Re: [PATCH] nvme/tcp: Add support to set the tcp worker cpu affinity

From: Sagi Grimberg
Date: Wed Apr 19 2023 - 05:32:52 EST



Hey Li,

The default worker affinity policy is using all online cpus, e.g. from 0
to N-1. However, some cpus are busy for other jobs, then the nvme-tcp will
have a bad performance.
This patch adds a module parameter to set the cpu affinity for the nvme-tcp
socket worker threads. The parameter is a comma separated list of CPU
numbers. The list is parsed and the resulting cpumask is used to set the
affinity of the socket worker threads. If the list is empty or the
parsing fails, the default affinity is used.

I can see how this may benefit a specific set of workloads, but I have a
few issues with this.

- This is exposing a user interface for something that is really
internal to the driver.

- This is something that can be misleading and could be tricky to get
right, my concern is that this would only benefit a very niche case.
Our storage products needs this feature~
If the user doesn’t know what this is, they can keep it default, so I thinks this is
not unacceptable.

It doesn't work like that.
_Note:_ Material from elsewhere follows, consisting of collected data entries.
lemma homotopic_id_nnormalize_displacement:
  assumes cont: "continuous_on (ndisc n) f" and maps: "f \<in> ndisc n \<rightarrow> ndisc n"
    and nofix: "\<And>x. x \<in> ndisc n \<Longrightarrow> f x \<noteq> x"
  shows "homotopic_with (\<lambda>_. True) (nsphere n) (nsphere n) id (\<lambda>x. nnormalize n (\<lambda>i. x i - f x i))"
proof -
  have "homotopic_with (\<lambda>_. True) (nsphere n) (nsphere n)
      (\<lambda>x. nnormalize n (\<lambda>i. x i - 0 * f x i)) (\<lambda>x. nnormalize n (\<lambda>i. x i - 1 * f x i))"
  proof (rule homotopic_with_nnormalize[where H = "\<lambda>t x i. x i - t * f x i"])
    have "continuous_on ({0..1::real} \<times> topspace (nsphere n)) (\<lambda>z. f (snd z) i)" for i
      using topspace_nsphere_subset_ndisc
      by (intro continuous_on_compose2[OF continuous_on_product_then_coordinatewise[OF cont]]
          continuous_intros) auto
    then show "continuous_on ({0..1} \<times> topspace (nsphere n)) (\<lambda>(t, x) i. x i - t * f x i)"
      unfolding split_def by (intro continuous_intros continuous_on_snd_coordinate)
    fix t :: real and x assume t: "t \<in> {0..1}" and x: "x \<in> topspace (nsphere n)"
    then have x_ndisc: "x \<in> ndisc n"
      using topspace_nsphere_subset_ndisc by blast
    moreover have "f x \<in> ndisc n"
      using maps x_ndisc by blast
    ultimately show "\<forall>i>n. x i - t * f x i = 0"
      by (simp add: ndisc_def)
    show "(\<lambda>i. x i - t * f x i) \<noteq> (\<lambda>_. 0)"
    proof
      assume zero: "(\<lambda>i. x i - t * f x i) = (\<lambda>_. 0)"
      have x_eq: "x i = t * f x i" for i
        using fun_cong[OF zero, of i] by simp
      have "1 = (\<Sum>i\<le>n. (x i)\<^sup>2)"
        using x by (simp add: topspace_nsphere_eq)
      also have "\<dots> = t\<^sup>2 * (\<Sum>i\<le>n. (f x i)\<^sup>2)"
        by (simp add: x_eq power_mult_distrib sum_distrib_left)
      also have "\<dots> \<le> t\<^sup>2"
        using maps x_ndisc by (auto simp: ndisc_def intro: mult_left_le)
      finally have "t = 1"
        using t power_less_one_iff[of t 2] by fastforce
      then have "f x = x"
        using x_eq by (simp add: fun_eq_iff)
      then show False
        using nofix[OF x_ndisc] by blast
    qed
  qed
  then show ?thesis
    by (rule homotopic_with_eq) (auto simp: nnormalize_nsphere)
qed

lemma homotopic_const_nnormalize_displacement:
  assumes cont: "continuous_on (ndisc n) f" and maps: "f \<in> ndisc n \<rightarrow> ndisc n"
    and nofix: "\<And>x. x \<in> ndisc n \<Longrightarrow> f x \<noteq> x"
  shows "homotopic_with (\<lambda>_. True) (nsphere n) (nsphere n)
           (\<lambda>_. nnormalize n (\<lambda>i. - f (\<lambda>_. 0) i)) (\<lambda>x. nnormalize n (\<lambda>i. x i - f x i))"
proof -
  have "homotopic_with (\<lambda>_. True) (nsphere n) (nsphere n)
      (\<lambda>x. nnormalize n (\<lambda>i. 0 * x i - f (\<lambda>j. 0 * x j) i))
      (\<lambda>x. nnormalize n (\<lambda>i. 1 * x i - f (\<lambda>j. 1 * x j) i))"
  proof (rule homotopic_with_nnormalize[where H = "\<lambda>t x i. t * x i - f (\<lambda>j. t * x j) i"])
    have "continuous_on ({0..1} \<times> topspace (nsphere n)) (\<lambda>z. f (\<lambda>j. fst z * snd z j) i)" for i
      by (intro continuous_on_compose2[OF continuous_on_product_then_coordinatewise[OF cont]]
          continuous_intros continuous_on_snd_coordinate)
        (auto intro!: ndisc_scale intro: subsetD[OF topspace_nsphere_subset_ndisc])
    then show "continuous_on ({0..1} \<times> topspace (nsphere n)) (\<lambda>(t, x) i. t * x i - f (\<lambda>j. t * x j) i)"
      unfolding split_def by (intro continuous_intros continuous_on_snd_coordinate)
    fix t :: real and x assume "t \<in> {0..1}" "x \<in> topspace (nsphere n)"
    then have tx: "(\<lambda>i. t * x i) \<in> ndisc n"
      using topspace_nsphere_subset_ndisc ndisc_scale by blast
    moreover have "f (\<lambda>j. t * x j) \<in> ndisc n"
      using maps tx by blast
    ultimately show "\<forall>i>n. t * x i - f (\<lambda>j. t * x j) i = 0"
      by (simp add: ndisc_def)
    show "(\<lambda>i. t * x i - f (\<lambda>j. t * x j) i) \<noteq> (\<lambda>_. 0)"
    proof
      assume zero: "(\<lambda>i. t * x i - f (\<lambda>j. t * x j) i) = (\<lambda>_. 0)"
      have "f (\<lambda>j. t * x j) i = t * x i" for i
        using fun_cong[OF zero, of i] by simp
      then have "f (\<lambda>j. t * x j) = (\<lambda>i. t * x i)" ..
      then show False
        using nofix[OF tx] by blast
    qed
  qed
  then show ?thesis
    by (rule homotopic_with_eq) auto
qed

theorem brouwer_ndisc:
  assumes cont: "continuous_on (ndisc n) f" and maps: "f \<in> ndisc n \<rightarrow> ndisc n"
  obtains x where "x \<in> ndisc n" and "f x = x"
proof (rule ccontr)
  assume "\<not> thesis"
  with that have nofix: "f x \<noteq> x" if "x \<in> ndisc n" for x
    using that by blast
  have "contractible_space (nsphere n)"
    unfolding contractible_space_def
    using homotopic_with_trans[OF homotopic_id_nnormalize_displacement[OF cont maps nofix]
        homotopic_with_symD[OF homotopic_const_nnormalize_displacement[OF cont maps nofix]]]
    by blast
  then show False
    using non_contractible_space_nsphere by blast
qed

text \<open>Profiles vanish outside the decision points and their moves, so each is determined by
  finitely many coordinates.\<close>

definition strategy_profiles :: "'k set \<Rightarrow> ('k \<Rightarrow> 'e set) \<Rightarrow> ('k \<Rightarrow> 'e \<Rightarrow> real) set" where
  "strategy_profiles K E =
     {\<sigma>. (\<forall>k\<in>K. is_dist (E k) (\<sigma> k)) \<and> (\<forall>k e. k \<notin> K \<or> e \<notin> E k \<longrightarrow> \<sigma> k e = 0)}"

lemma is_dist_le_1:
  assumes "is_dist X d" "finite X" "x \<in> X"
  shows "d x \<le> 1"
  using assms member_le_sum[of x X d] by (auto simp: is_dist_def)

text \<open>The positive part is topped up uniformly to total mass at least 1 and then rescaled; on the
  simplex nothing changes.\<close>

definition simplex_retraction :: "'e set \<Rightarrow> ('e \<Rightarrow> real) \<Rightarrow> 'e \<Rightarrow> real" where
  "simplex_retraction X y =
     (let s = (\<Sum>x\<in>X. max 0 (y x)) in (\<lambda>x. (max 0 (y x) + max 0 (1 - s) / card X) / max 1 s))"

lemma is_dist_simplex_retraction:
  assumes "finite X" "X \<noteq> {}"
  shows "is_dist X (simplex_retraction X y)"
proof -
  define s where "s = (\<Sum>x\<in>X. max 0 (y x))"
  have "(\<Sum>x\<in>X. max 0 (y x) + max 0 (1 - s) / card X) = max 1 s"
    using assms by (simp add: sum.distrib s_def[symmetric])
  then have "(\<Sum>x\<in>X. (max 0 (y x) + max 0 (1 - s) / card X) / max 1 s) = 1"
    by (simp add: sum_divide_distrib[symmetric])
  then show ?thesis
    unfolding is_dist_def simplex_retraction_def Let_def s_def[symmetric] by simp
qed

lemma simplex_retraction_id:
  assumes "is_dist X d" "x \<in> X"
  shows "simplex_retraction X d x = d x"
  using assms by (simp add: is_dist_def simplex_retraction_def)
A user interface is not something exposed to
a specific consumer.

- If the setting should exist, it should not be global.
V2 has fixed it.

- I prefer not to introduce new modparams.

- I'd prefer to find a way to support your use-case without introducing
a config knob for it.

I’m looking forward to it.

If you change queue_work_on to queue_work, ignoring the io_cpu, does it
address your problem?

Not saying that this should be a solution though.

How many queues does your controller support that you happen to use
queue 0 ?

Also, what happens if you don't pin your process to a specific cpu, does
that change anything?